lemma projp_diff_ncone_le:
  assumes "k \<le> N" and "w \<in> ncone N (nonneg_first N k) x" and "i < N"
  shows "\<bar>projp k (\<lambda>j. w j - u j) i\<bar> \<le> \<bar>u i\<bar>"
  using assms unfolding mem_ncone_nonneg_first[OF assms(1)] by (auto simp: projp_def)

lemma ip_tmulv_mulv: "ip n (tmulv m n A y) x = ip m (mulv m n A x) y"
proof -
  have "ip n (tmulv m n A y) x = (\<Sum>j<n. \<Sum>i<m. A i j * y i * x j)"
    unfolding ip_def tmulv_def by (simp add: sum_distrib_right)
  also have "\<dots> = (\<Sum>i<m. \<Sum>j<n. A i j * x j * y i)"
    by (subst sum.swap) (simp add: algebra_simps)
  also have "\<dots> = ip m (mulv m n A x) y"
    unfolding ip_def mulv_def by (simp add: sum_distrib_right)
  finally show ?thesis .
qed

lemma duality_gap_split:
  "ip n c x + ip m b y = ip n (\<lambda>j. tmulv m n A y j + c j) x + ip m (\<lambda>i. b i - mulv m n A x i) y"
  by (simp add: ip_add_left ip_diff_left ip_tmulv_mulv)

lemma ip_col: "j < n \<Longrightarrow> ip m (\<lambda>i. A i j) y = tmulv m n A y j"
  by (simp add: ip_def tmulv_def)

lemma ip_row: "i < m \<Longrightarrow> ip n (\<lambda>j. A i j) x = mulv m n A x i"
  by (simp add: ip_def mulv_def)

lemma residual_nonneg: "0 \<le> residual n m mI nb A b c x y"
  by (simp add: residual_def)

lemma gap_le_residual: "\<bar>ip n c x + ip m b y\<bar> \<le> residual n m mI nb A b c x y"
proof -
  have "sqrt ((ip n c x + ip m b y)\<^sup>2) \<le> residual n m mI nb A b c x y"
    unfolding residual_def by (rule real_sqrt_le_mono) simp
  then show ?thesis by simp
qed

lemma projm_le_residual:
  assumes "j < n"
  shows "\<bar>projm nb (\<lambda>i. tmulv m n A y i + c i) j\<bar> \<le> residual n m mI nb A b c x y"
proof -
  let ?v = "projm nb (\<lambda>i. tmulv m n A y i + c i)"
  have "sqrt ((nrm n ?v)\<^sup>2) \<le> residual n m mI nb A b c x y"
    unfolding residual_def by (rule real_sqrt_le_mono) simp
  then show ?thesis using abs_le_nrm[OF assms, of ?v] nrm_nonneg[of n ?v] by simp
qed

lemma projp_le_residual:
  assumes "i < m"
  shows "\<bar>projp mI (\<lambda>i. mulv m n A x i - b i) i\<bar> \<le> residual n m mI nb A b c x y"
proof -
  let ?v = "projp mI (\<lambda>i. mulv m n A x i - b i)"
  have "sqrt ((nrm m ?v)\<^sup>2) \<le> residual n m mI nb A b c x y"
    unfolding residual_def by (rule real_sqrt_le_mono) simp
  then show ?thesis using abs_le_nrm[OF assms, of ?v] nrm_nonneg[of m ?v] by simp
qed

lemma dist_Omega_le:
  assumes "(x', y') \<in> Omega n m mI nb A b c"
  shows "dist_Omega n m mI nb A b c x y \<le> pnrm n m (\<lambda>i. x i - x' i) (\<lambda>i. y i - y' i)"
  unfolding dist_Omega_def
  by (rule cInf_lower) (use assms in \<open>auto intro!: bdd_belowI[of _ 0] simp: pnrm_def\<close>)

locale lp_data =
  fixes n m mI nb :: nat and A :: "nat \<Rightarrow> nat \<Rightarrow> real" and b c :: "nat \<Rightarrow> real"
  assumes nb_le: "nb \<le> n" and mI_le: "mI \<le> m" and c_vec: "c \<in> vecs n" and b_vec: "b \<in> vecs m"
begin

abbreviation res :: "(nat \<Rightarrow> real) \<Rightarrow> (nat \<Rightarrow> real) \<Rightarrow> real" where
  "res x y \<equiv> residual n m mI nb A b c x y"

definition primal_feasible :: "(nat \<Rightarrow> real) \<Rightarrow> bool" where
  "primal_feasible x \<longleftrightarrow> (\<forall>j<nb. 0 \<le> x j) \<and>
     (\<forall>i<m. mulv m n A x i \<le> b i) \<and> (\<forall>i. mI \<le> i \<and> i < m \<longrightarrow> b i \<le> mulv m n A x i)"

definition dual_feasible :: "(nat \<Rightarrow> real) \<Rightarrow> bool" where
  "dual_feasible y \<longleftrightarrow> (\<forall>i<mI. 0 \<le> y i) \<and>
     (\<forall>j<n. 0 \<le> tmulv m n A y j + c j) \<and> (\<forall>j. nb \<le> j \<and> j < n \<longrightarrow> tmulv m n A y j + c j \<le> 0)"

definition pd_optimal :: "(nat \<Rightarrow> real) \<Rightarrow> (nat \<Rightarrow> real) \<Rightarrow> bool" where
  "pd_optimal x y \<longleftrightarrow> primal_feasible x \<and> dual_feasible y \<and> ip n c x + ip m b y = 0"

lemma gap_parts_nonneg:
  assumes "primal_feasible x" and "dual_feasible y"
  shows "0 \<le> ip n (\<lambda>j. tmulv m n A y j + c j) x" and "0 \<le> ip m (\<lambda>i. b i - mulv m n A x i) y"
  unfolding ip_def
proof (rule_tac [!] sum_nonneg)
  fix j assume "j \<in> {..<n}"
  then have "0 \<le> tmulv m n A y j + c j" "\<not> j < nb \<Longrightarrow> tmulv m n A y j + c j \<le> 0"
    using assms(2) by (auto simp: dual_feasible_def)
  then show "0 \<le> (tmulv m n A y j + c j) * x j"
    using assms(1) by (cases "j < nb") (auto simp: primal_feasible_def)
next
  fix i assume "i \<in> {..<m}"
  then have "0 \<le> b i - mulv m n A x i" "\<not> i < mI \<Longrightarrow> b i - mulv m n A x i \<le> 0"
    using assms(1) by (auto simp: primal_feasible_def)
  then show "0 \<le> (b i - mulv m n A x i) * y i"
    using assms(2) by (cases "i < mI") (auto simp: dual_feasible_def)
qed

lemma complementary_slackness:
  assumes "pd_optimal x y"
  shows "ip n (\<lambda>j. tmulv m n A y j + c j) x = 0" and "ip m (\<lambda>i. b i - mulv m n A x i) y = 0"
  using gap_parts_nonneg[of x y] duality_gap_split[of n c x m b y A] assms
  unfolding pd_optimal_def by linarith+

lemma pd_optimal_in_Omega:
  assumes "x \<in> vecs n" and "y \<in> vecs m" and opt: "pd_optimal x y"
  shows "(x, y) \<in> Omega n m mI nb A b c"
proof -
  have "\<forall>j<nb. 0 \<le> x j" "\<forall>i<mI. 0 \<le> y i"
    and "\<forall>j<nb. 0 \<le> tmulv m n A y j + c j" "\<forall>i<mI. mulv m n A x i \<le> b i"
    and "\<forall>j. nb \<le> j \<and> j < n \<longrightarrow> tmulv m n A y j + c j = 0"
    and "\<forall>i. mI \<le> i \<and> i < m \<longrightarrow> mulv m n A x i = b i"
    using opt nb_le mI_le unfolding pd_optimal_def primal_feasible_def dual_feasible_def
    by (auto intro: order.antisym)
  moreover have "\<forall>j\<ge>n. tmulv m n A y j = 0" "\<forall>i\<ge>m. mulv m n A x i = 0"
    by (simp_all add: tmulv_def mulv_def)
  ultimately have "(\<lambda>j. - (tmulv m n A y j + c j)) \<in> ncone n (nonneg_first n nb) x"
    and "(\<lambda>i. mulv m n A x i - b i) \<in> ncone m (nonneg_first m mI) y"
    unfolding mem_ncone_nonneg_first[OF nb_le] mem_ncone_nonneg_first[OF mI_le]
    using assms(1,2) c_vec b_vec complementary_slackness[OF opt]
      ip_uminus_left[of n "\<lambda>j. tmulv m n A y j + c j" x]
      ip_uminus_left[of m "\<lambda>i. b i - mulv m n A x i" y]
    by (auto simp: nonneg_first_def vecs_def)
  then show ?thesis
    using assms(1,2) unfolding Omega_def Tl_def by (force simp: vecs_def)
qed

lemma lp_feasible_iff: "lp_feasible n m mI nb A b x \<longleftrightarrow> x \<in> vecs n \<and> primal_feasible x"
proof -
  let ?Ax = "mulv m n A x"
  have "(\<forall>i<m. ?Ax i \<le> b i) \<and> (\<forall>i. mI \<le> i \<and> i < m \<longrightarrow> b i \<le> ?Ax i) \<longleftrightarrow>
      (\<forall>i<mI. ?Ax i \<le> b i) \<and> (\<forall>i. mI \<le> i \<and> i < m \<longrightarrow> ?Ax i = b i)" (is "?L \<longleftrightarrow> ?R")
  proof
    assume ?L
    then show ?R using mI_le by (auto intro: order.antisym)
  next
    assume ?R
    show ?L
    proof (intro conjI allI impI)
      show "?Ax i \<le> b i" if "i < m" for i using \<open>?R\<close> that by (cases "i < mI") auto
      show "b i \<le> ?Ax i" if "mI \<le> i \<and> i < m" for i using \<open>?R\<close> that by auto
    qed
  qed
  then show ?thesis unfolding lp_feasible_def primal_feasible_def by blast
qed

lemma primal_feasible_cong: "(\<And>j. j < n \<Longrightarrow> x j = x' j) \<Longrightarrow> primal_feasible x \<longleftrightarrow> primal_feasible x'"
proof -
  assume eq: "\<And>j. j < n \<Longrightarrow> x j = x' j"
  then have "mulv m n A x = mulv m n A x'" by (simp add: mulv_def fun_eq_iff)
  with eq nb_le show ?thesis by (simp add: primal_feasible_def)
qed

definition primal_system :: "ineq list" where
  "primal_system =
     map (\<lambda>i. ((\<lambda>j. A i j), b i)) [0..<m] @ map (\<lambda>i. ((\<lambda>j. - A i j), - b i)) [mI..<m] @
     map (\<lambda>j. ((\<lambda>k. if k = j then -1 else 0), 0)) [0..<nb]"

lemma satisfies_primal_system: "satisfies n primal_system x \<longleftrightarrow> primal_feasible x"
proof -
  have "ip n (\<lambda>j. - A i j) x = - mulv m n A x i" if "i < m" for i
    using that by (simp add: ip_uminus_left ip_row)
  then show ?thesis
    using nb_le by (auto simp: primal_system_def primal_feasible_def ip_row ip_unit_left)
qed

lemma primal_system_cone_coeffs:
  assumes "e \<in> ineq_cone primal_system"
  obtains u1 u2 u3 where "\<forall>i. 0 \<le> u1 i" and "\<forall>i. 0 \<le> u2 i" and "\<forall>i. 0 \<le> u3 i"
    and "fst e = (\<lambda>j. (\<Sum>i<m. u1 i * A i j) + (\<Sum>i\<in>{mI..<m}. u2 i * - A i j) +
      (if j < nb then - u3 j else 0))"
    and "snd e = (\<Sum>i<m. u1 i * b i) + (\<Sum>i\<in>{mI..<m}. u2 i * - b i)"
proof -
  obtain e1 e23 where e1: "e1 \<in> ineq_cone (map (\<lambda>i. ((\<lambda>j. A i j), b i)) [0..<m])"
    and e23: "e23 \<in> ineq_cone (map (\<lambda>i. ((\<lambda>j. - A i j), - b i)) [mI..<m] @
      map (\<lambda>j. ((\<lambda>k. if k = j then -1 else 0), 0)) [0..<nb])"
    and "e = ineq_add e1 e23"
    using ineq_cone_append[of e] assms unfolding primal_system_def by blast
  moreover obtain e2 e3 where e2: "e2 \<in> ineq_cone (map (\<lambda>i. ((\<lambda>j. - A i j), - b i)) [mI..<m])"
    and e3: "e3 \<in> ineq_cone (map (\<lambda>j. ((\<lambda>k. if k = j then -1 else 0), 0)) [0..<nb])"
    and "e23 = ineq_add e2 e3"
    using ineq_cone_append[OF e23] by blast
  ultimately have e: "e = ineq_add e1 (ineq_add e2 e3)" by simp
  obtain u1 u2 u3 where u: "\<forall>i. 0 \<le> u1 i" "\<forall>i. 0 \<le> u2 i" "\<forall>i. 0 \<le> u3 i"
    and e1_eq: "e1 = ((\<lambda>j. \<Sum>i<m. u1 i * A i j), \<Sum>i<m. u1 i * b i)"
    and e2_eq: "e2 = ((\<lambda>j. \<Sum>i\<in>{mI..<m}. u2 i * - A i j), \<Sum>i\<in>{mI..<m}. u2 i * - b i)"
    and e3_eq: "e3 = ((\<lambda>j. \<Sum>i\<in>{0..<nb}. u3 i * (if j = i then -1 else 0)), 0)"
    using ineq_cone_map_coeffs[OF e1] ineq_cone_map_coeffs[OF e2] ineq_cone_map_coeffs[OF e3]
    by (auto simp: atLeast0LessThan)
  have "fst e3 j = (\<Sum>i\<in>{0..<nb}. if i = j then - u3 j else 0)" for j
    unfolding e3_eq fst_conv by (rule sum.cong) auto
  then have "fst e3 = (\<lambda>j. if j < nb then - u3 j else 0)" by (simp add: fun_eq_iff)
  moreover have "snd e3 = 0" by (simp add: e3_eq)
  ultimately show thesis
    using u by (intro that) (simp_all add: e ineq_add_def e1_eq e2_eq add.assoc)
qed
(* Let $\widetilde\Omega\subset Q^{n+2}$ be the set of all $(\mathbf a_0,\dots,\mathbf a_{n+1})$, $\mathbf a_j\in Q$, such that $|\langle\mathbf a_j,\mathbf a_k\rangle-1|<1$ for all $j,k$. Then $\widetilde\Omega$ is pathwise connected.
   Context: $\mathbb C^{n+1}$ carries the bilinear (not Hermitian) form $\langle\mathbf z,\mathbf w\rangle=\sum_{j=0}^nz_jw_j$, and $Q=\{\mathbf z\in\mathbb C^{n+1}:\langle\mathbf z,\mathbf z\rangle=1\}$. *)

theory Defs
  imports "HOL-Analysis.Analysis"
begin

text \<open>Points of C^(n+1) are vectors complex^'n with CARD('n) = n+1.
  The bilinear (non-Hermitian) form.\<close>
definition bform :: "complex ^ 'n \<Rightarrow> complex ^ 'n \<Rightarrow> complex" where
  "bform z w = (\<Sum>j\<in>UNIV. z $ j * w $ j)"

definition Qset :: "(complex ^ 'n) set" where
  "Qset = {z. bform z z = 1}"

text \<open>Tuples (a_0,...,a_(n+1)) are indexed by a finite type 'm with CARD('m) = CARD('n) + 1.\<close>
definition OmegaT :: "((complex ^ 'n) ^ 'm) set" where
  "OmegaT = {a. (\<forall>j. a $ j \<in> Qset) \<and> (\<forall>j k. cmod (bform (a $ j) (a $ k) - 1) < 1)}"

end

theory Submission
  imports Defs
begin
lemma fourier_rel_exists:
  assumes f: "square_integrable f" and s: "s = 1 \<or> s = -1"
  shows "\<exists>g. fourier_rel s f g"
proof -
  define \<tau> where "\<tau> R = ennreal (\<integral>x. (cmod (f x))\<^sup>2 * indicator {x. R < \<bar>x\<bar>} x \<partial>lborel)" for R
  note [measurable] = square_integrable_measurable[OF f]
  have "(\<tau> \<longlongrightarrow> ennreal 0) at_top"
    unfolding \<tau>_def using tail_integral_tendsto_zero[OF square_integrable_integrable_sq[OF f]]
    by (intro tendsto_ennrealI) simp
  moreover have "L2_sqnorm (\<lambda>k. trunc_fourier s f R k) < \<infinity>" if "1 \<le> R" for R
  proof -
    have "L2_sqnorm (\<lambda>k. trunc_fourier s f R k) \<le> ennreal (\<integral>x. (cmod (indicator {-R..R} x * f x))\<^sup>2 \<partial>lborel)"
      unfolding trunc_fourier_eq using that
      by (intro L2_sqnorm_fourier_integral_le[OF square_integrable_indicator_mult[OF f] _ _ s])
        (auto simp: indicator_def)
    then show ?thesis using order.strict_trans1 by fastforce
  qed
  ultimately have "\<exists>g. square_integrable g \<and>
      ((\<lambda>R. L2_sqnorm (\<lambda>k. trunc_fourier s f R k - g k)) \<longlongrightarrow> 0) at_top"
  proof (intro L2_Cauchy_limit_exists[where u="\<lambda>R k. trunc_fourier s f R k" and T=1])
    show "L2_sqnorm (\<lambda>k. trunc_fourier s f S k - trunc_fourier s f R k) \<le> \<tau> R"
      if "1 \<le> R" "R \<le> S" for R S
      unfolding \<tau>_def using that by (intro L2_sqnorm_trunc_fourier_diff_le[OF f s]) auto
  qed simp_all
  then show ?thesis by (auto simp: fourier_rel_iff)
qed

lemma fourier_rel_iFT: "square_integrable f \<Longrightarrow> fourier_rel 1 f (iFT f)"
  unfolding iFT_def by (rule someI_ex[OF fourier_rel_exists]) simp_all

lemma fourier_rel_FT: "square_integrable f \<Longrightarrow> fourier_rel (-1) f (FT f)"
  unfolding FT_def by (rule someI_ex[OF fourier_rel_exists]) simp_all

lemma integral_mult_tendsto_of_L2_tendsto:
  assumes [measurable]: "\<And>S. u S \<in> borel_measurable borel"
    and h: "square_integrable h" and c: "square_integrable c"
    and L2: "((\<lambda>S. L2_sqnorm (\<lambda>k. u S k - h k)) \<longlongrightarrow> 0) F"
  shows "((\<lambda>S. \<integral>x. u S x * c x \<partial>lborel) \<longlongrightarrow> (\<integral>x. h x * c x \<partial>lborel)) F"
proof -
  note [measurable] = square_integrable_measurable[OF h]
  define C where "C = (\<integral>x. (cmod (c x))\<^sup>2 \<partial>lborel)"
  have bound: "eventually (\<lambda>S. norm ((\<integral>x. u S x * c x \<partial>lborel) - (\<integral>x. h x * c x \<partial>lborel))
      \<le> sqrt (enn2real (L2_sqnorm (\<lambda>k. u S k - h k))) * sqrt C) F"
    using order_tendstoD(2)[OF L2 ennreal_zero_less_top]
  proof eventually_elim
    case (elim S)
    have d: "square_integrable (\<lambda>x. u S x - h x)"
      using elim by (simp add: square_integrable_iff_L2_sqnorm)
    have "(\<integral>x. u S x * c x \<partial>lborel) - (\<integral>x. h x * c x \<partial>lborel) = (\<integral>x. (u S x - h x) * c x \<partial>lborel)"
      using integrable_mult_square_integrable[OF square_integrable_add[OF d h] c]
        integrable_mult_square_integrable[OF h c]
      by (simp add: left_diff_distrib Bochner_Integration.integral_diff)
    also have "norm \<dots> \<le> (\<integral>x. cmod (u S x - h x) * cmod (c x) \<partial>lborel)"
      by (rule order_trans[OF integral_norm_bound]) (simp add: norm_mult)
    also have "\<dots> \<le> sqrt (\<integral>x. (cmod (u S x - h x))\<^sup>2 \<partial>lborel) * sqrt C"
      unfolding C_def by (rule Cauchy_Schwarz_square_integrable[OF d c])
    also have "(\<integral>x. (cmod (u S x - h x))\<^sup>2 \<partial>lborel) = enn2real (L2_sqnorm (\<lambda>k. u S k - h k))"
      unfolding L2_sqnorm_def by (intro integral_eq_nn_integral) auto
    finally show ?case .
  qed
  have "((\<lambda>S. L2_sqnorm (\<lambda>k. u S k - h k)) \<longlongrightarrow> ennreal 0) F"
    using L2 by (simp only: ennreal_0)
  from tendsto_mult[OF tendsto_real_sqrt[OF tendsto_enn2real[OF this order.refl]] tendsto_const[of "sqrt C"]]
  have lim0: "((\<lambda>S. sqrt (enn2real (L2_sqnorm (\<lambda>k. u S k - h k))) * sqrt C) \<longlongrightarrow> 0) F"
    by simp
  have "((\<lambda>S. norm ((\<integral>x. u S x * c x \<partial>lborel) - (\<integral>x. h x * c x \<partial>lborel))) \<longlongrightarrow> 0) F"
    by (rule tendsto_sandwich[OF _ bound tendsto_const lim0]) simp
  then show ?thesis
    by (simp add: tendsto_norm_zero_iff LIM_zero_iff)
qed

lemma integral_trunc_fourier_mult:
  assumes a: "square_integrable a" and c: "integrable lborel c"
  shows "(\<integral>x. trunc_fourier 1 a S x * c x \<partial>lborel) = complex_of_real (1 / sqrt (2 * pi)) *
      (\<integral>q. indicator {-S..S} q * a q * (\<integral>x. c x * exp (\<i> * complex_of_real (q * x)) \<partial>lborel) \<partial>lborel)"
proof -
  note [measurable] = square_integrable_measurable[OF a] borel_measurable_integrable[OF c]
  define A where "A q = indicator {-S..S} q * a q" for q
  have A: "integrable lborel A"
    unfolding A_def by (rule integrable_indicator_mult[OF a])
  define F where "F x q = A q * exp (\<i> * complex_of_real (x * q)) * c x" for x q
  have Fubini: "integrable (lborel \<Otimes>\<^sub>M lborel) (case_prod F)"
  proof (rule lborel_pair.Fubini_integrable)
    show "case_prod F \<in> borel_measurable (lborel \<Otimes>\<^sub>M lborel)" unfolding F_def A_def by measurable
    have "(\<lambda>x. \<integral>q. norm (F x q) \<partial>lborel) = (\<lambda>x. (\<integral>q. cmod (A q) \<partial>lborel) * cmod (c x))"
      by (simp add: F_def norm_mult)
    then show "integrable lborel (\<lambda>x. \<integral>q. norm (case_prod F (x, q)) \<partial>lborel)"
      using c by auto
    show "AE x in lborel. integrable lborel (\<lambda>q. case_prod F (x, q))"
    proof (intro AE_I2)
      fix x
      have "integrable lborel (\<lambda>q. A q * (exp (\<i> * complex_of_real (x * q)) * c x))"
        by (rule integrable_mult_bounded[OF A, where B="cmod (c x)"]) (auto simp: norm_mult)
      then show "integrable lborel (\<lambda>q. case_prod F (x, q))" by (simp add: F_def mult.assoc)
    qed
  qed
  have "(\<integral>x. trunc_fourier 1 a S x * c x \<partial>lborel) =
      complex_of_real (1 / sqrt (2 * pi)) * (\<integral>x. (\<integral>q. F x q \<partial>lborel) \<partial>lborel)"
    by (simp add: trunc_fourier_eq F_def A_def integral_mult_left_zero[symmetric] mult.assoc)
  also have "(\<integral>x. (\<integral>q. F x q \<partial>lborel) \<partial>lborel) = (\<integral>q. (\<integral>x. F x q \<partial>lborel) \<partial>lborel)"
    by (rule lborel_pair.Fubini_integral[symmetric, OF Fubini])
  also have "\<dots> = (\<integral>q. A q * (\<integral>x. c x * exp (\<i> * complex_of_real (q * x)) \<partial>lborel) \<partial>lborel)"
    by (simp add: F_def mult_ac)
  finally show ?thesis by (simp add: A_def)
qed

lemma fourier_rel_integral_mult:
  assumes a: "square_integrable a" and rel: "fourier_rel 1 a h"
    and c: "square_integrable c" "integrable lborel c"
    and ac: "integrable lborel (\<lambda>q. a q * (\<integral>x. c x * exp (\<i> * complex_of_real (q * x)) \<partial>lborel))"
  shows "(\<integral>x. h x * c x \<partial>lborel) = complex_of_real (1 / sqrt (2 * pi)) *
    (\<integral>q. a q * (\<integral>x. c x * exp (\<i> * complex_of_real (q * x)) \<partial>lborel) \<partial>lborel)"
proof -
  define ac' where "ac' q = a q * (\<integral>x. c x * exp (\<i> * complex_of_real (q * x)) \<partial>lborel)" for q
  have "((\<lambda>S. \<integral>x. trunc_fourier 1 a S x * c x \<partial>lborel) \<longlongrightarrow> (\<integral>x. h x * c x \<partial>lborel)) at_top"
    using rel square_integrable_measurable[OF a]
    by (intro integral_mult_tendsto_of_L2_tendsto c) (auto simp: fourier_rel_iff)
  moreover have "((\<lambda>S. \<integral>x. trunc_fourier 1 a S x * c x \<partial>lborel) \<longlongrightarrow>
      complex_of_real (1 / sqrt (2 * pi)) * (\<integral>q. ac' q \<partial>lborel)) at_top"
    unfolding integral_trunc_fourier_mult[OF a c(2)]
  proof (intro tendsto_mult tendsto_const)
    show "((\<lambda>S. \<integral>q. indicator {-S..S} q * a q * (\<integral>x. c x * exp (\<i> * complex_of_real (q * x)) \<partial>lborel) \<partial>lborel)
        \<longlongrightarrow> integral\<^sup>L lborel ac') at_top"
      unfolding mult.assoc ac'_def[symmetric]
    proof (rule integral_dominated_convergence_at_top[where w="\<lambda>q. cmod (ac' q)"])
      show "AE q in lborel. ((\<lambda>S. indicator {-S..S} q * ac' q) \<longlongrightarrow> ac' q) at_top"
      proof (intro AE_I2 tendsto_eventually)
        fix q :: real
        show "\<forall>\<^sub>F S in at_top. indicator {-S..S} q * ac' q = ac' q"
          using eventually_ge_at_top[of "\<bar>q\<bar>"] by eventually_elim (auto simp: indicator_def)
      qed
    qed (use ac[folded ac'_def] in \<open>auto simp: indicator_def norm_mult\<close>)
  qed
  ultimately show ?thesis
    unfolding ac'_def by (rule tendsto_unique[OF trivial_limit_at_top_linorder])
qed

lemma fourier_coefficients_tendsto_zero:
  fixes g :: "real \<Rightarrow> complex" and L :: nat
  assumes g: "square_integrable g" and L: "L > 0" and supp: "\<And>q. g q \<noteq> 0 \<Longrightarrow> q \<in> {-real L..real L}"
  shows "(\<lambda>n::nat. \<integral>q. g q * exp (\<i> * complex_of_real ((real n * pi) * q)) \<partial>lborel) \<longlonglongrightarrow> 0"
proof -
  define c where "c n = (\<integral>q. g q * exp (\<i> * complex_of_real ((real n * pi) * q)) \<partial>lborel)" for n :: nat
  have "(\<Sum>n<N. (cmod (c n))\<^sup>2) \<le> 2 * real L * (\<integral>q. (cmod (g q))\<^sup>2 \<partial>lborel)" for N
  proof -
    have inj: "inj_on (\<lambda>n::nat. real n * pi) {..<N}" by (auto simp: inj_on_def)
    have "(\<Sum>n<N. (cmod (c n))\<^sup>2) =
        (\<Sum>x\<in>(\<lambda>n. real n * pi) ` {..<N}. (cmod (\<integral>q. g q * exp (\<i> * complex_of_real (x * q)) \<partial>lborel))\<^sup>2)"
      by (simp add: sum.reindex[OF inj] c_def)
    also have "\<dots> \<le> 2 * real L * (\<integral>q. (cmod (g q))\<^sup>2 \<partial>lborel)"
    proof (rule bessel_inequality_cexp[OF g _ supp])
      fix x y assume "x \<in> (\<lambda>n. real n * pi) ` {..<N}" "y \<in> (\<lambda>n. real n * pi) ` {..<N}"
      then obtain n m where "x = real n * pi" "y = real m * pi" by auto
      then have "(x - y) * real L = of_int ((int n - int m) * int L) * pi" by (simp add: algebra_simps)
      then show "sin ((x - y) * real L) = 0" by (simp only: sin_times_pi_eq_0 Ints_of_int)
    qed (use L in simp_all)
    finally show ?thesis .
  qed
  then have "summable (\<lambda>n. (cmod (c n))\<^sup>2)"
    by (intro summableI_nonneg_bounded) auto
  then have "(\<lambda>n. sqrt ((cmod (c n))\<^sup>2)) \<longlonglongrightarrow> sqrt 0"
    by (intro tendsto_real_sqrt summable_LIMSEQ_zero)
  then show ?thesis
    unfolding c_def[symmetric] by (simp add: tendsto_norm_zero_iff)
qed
—————
_Task details_:
Copy exactly the stretch of data above from the line with "define A where" through the line with "A_def by measurable", and omit all other lines.

_Expected answer_:
  define A where "A q = indicator {-S..S} q * a q" for q
  have A: "integrable lborel A"
    unfolding A_def by (rule integrable_indicator_mult[OF a])
  define F where "F x q = A q * exp (\<i> * complex_of_real (x * q)) * c x" for x q
  have Fubini: "integrable (lborel \<Otimes>\<^sub>M lborel) (case_prod F)"
  proof (rule lborel_pair.Fubini_integrable)
    show "case_prod F \<in> borel_measurable (lborel \<Otimes>\<^sub>M lborel)" unfolding F_def A_def by measurable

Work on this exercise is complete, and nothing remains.